▶ [WORK INSTRUCTIONS]
What you return must be an exact copy of the lines in the listing below between the line holding "- (real_of_int j" and the line holding "text \<open>Write \<open>g", inclusive, and nothing more.

START INFORMATION PROVIDED

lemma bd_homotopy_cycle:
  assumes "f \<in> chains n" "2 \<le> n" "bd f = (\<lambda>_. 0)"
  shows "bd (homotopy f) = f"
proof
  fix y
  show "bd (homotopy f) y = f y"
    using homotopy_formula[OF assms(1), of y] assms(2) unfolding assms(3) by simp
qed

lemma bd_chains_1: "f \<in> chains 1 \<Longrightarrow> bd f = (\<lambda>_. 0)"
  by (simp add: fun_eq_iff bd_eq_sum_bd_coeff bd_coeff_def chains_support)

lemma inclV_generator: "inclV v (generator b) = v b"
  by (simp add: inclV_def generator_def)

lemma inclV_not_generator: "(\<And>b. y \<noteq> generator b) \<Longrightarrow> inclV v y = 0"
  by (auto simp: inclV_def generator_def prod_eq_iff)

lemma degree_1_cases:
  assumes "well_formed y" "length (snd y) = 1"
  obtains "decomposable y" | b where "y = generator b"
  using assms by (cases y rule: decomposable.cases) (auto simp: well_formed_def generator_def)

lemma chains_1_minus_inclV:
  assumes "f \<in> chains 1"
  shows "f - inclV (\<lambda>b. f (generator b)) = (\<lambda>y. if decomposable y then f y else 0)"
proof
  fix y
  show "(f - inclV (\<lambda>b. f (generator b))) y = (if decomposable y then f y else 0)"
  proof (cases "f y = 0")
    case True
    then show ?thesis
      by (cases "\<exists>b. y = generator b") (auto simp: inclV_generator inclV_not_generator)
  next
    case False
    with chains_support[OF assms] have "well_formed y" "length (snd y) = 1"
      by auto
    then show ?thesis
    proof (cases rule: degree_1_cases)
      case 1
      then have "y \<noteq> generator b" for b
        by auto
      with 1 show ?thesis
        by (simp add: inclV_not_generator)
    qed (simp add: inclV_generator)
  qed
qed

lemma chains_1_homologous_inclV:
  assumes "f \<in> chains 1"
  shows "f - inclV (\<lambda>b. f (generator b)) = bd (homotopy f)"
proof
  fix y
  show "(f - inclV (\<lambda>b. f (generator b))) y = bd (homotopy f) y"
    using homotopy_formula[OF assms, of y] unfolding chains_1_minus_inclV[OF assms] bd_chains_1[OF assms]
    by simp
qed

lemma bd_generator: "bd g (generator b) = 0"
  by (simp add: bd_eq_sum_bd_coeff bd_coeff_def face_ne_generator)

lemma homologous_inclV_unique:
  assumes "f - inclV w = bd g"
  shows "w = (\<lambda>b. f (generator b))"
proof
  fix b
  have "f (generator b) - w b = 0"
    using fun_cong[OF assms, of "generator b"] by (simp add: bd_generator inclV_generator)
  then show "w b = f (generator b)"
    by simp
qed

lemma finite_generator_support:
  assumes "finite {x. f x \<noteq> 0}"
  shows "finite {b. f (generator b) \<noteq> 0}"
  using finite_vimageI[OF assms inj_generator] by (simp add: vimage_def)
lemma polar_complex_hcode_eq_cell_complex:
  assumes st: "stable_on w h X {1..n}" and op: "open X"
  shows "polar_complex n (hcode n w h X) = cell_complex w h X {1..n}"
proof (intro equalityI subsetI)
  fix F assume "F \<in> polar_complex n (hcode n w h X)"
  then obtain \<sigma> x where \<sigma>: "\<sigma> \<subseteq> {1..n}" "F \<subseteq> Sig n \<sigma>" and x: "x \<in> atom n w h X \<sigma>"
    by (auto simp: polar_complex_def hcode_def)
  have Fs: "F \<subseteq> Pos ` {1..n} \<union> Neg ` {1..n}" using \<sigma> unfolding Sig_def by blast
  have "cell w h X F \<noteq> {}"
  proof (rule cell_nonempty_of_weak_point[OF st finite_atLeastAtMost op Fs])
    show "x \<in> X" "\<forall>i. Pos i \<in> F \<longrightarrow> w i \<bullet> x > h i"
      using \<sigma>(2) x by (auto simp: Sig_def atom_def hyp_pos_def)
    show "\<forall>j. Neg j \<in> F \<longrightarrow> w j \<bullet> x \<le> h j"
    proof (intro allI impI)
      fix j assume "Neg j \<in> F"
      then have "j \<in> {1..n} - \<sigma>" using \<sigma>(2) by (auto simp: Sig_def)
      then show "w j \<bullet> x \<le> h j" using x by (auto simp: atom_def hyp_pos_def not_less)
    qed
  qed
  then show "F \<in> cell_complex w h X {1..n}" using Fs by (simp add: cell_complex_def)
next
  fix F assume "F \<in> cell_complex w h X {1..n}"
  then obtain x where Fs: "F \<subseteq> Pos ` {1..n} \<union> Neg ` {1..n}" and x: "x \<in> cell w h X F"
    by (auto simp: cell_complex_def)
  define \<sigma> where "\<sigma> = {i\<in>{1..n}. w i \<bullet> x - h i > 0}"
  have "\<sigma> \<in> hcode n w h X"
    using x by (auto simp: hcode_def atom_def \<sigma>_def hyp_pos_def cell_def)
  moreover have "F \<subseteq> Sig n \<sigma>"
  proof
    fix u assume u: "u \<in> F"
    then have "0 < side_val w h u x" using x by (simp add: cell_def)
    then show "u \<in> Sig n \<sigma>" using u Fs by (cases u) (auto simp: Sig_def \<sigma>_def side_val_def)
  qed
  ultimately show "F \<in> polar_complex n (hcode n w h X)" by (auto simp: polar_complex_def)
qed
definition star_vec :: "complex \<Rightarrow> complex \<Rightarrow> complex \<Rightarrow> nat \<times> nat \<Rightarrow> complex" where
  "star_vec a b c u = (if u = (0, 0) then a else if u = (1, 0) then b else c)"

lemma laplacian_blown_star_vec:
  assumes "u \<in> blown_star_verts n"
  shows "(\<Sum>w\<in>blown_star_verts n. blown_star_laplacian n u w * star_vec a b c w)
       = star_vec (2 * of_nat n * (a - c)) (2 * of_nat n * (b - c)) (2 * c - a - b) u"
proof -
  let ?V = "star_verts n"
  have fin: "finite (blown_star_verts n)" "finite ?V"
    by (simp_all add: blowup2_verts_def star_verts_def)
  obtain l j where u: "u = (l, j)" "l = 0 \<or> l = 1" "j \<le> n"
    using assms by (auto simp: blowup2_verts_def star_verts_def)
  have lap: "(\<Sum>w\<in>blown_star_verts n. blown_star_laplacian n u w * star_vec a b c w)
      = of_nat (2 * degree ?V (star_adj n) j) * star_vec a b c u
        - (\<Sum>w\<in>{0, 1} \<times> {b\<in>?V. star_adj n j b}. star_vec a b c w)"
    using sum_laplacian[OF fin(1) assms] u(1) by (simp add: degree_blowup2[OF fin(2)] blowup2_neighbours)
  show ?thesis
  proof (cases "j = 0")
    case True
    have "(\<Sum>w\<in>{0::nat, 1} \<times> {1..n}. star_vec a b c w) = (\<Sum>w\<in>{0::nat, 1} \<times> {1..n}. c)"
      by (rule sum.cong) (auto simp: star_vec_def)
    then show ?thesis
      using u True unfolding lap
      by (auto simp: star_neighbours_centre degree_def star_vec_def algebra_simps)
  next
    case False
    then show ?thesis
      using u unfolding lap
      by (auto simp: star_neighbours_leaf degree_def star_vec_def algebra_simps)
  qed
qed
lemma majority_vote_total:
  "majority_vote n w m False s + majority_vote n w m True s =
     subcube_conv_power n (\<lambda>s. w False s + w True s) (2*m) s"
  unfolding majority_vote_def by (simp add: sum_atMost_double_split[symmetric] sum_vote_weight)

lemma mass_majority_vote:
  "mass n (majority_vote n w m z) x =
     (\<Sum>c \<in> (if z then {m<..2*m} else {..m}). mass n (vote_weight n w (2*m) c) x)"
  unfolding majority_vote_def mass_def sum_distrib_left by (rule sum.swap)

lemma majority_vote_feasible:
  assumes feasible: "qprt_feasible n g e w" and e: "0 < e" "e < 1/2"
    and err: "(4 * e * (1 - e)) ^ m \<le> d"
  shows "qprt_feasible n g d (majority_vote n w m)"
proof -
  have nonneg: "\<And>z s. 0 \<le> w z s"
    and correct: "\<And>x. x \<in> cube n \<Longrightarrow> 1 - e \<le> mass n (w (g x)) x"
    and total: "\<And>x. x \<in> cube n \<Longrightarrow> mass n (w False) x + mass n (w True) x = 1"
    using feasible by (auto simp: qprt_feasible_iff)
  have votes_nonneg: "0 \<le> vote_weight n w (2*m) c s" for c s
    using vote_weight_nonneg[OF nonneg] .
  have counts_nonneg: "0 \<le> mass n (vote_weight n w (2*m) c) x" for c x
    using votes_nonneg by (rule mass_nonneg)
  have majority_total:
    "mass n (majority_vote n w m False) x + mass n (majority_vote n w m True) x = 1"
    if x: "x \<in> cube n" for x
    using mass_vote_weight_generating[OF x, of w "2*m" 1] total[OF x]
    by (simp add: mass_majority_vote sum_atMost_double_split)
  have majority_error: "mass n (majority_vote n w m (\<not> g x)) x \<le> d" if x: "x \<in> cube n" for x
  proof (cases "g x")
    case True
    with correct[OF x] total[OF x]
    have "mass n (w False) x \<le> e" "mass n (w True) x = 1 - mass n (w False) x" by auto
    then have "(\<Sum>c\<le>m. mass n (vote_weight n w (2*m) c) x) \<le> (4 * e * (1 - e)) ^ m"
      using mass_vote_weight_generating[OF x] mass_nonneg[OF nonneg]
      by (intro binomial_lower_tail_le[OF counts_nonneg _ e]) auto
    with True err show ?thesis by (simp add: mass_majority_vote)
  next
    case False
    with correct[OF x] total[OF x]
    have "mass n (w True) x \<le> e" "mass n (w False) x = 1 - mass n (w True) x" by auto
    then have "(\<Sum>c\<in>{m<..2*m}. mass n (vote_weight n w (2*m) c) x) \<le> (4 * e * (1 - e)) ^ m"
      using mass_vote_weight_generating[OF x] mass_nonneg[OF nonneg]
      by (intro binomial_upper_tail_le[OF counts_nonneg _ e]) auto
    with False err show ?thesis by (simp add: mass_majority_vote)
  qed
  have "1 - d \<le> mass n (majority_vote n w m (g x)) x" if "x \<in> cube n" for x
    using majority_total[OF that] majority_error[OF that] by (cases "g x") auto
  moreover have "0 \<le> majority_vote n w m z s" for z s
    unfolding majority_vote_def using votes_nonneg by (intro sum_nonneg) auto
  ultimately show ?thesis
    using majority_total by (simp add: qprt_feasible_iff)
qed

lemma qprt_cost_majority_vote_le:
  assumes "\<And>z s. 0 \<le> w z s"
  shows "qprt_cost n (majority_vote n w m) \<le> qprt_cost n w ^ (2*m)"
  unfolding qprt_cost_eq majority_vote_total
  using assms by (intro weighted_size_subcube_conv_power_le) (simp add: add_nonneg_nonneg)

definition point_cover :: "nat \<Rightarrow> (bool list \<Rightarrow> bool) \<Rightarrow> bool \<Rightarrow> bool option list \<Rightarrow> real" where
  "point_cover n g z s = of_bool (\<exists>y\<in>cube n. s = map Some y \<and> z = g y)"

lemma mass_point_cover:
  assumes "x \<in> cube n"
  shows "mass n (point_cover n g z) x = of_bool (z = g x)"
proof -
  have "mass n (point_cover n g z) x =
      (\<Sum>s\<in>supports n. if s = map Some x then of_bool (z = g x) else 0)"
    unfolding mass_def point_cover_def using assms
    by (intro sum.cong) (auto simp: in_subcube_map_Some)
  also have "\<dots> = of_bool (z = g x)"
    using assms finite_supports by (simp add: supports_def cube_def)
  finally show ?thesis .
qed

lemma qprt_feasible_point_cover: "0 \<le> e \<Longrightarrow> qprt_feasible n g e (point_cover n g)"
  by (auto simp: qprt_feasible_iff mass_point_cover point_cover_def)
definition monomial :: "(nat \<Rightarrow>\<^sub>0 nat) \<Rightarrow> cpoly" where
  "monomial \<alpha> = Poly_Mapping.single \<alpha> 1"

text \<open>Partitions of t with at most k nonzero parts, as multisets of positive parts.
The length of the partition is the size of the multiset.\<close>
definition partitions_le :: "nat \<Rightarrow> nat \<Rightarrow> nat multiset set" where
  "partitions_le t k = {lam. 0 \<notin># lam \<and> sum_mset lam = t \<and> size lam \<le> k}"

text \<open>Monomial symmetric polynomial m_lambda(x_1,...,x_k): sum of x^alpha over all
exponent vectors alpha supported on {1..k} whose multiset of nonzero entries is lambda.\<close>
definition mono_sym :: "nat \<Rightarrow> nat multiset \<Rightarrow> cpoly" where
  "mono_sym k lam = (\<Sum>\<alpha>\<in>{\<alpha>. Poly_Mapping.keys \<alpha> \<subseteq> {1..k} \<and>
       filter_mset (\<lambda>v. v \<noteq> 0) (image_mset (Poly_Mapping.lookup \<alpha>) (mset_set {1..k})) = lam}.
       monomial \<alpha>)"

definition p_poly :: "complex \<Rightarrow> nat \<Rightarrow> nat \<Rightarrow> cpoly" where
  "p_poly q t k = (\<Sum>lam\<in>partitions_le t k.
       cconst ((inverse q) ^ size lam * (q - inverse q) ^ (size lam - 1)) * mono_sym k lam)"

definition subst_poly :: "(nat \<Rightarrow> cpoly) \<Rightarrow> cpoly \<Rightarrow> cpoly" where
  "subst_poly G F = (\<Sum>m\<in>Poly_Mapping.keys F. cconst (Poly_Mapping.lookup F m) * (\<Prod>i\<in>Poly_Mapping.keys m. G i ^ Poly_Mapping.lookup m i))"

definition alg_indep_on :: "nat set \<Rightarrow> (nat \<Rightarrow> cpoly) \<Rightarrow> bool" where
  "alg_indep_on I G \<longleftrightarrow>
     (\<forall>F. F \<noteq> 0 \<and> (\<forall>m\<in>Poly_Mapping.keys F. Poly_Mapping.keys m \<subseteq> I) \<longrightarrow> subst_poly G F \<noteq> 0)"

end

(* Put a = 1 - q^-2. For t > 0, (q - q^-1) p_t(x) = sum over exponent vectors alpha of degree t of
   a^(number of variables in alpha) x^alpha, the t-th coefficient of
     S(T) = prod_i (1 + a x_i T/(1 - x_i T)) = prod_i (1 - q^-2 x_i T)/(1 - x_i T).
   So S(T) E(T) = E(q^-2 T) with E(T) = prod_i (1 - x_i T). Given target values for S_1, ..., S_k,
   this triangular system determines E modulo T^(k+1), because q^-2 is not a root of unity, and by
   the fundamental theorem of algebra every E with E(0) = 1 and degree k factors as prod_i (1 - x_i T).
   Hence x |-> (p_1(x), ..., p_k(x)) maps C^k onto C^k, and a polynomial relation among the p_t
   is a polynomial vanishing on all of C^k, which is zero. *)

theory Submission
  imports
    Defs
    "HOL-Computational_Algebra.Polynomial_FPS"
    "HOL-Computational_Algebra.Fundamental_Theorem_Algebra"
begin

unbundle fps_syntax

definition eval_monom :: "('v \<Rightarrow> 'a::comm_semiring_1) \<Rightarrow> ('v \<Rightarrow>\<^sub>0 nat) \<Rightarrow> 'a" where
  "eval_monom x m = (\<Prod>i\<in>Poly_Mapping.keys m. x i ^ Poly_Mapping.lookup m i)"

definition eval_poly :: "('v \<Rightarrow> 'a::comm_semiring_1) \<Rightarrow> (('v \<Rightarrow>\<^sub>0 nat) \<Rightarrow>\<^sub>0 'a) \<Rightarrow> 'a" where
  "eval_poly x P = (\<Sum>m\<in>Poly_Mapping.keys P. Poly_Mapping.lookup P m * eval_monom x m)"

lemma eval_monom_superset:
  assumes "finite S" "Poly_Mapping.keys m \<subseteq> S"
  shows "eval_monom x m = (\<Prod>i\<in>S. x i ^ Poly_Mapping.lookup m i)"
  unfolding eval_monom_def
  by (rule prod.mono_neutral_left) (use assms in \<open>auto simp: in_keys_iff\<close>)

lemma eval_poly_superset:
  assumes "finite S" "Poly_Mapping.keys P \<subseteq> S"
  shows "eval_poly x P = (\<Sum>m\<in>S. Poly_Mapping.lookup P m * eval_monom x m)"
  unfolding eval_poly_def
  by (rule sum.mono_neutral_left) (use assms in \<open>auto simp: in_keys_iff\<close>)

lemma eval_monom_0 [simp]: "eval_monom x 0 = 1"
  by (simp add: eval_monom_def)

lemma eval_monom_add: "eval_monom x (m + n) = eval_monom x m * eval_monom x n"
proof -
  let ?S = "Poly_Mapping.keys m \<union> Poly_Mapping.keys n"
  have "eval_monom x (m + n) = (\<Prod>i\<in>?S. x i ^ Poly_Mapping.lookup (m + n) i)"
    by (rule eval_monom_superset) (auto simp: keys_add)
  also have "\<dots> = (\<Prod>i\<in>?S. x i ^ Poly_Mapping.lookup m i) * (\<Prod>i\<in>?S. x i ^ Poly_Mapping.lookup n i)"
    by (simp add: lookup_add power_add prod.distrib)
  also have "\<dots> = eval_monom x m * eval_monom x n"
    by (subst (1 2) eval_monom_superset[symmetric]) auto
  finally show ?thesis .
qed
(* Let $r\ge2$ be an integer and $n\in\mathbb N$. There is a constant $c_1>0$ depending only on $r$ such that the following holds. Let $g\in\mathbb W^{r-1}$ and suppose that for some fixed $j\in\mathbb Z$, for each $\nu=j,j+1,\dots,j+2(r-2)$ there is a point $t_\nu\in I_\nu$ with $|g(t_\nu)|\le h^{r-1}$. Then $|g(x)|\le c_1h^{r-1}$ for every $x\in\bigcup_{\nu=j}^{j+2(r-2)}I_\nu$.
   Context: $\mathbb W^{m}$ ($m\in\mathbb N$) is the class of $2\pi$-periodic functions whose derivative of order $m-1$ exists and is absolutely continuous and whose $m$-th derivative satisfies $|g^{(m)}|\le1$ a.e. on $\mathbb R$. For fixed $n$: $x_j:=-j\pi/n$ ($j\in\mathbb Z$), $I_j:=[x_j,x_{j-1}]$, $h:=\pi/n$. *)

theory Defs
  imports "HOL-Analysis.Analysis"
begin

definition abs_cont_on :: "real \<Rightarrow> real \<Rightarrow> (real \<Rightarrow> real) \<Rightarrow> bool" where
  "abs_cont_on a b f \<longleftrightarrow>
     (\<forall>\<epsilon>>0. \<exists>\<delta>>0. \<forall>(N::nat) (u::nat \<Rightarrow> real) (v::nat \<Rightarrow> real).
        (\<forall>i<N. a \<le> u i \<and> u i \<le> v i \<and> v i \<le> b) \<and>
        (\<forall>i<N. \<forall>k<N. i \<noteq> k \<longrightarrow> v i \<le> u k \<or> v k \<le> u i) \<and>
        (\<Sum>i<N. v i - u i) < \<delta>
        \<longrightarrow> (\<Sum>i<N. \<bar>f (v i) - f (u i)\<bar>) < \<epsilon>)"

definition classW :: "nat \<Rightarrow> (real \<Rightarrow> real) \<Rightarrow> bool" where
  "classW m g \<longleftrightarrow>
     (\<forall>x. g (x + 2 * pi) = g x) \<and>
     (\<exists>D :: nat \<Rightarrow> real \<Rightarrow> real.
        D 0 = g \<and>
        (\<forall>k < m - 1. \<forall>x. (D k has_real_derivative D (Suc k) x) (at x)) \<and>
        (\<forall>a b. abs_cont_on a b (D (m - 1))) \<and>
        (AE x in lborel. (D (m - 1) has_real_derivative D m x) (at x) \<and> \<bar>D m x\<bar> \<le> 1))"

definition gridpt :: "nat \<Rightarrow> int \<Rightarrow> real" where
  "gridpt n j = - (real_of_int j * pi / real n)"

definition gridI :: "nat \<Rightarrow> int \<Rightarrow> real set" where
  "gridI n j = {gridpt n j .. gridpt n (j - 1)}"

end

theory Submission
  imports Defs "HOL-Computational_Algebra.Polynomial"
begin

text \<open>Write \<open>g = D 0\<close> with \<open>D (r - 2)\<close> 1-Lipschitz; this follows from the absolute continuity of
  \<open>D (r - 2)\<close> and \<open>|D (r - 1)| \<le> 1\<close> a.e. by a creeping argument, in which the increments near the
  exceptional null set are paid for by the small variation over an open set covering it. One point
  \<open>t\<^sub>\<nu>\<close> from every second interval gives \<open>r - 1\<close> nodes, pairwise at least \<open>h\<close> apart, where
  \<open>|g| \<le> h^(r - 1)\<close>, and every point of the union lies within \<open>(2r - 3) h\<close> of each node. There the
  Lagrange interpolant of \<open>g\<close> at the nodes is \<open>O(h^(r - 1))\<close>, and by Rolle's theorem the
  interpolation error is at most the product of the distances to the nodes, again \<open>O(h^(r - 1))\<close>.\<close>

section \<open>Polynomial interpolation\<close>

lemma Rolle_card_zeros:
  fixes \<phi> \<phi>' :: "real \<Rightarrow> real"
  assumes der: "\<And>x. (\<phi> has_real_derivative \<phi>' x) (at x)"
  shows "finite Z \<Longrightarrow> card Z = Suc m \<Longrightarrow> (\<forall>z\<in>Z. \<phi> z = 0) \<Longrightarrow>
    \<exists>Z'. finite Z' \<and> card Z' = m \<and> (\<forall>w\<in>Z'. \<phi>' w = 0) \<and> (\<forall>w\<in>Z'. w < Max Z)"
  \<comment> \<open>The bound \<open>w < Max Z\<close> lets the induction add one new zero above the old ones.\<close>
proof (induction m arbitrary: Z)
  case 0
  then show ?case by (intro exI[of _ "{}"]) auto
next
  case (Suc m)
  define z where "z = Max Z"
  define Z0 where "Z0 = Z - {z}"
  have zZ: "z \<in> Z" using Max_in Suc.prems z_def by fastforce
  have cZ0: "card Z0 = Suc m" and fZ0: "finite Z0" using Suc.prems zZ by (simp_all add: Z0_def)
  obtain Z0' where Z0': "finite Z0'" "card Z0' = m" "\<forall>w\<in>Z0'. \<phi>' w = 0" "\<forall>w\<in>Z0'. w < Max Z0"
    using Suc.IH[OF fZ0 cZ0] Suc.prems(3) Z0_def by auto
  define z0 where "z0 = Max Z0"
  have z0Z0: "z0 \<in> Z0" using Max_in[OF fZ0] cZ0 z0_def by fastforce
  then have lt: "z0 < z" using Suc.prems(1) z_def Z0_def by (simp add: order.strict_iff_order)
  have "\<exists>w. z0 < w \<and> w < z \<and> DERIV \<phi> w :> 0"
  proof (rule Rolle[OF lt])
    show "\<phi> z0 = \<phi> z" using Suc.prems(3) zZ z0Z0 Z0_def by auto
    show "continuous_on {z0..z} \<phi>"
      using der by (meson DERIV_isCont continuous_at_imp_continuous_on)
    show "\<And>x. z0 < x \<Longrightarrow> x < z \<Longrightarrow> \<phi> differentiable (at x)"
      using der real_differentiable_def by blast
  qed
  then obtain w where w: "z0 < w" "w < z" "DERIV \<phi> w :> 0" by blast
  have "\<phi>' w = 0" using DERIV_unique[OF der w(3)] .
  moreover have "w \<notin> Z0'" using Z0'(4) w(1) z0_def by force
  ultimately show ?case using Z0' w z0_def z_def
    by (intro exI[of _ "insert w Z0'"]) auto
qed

END INFORMATION PROVIDED

▶ [YOUR SOLUTION]
  "gridpt n j = - (real_of_int j * pi / real n)"

definition gridI :: "nat \<Rightarrow> int \<Rightarrow> real set" where
  "gridI n j = {gridpt n j .. gridpt n (j - 1)}"

end

theory Submission
  imports Defs "HOL-Computational_Algebra.Polynomial"
begin

text \<open>Write \<open>g = D 0\<close> with \<open>D (r - 2)\<close> 1-Lipschitz; this follows from the absolute continuity of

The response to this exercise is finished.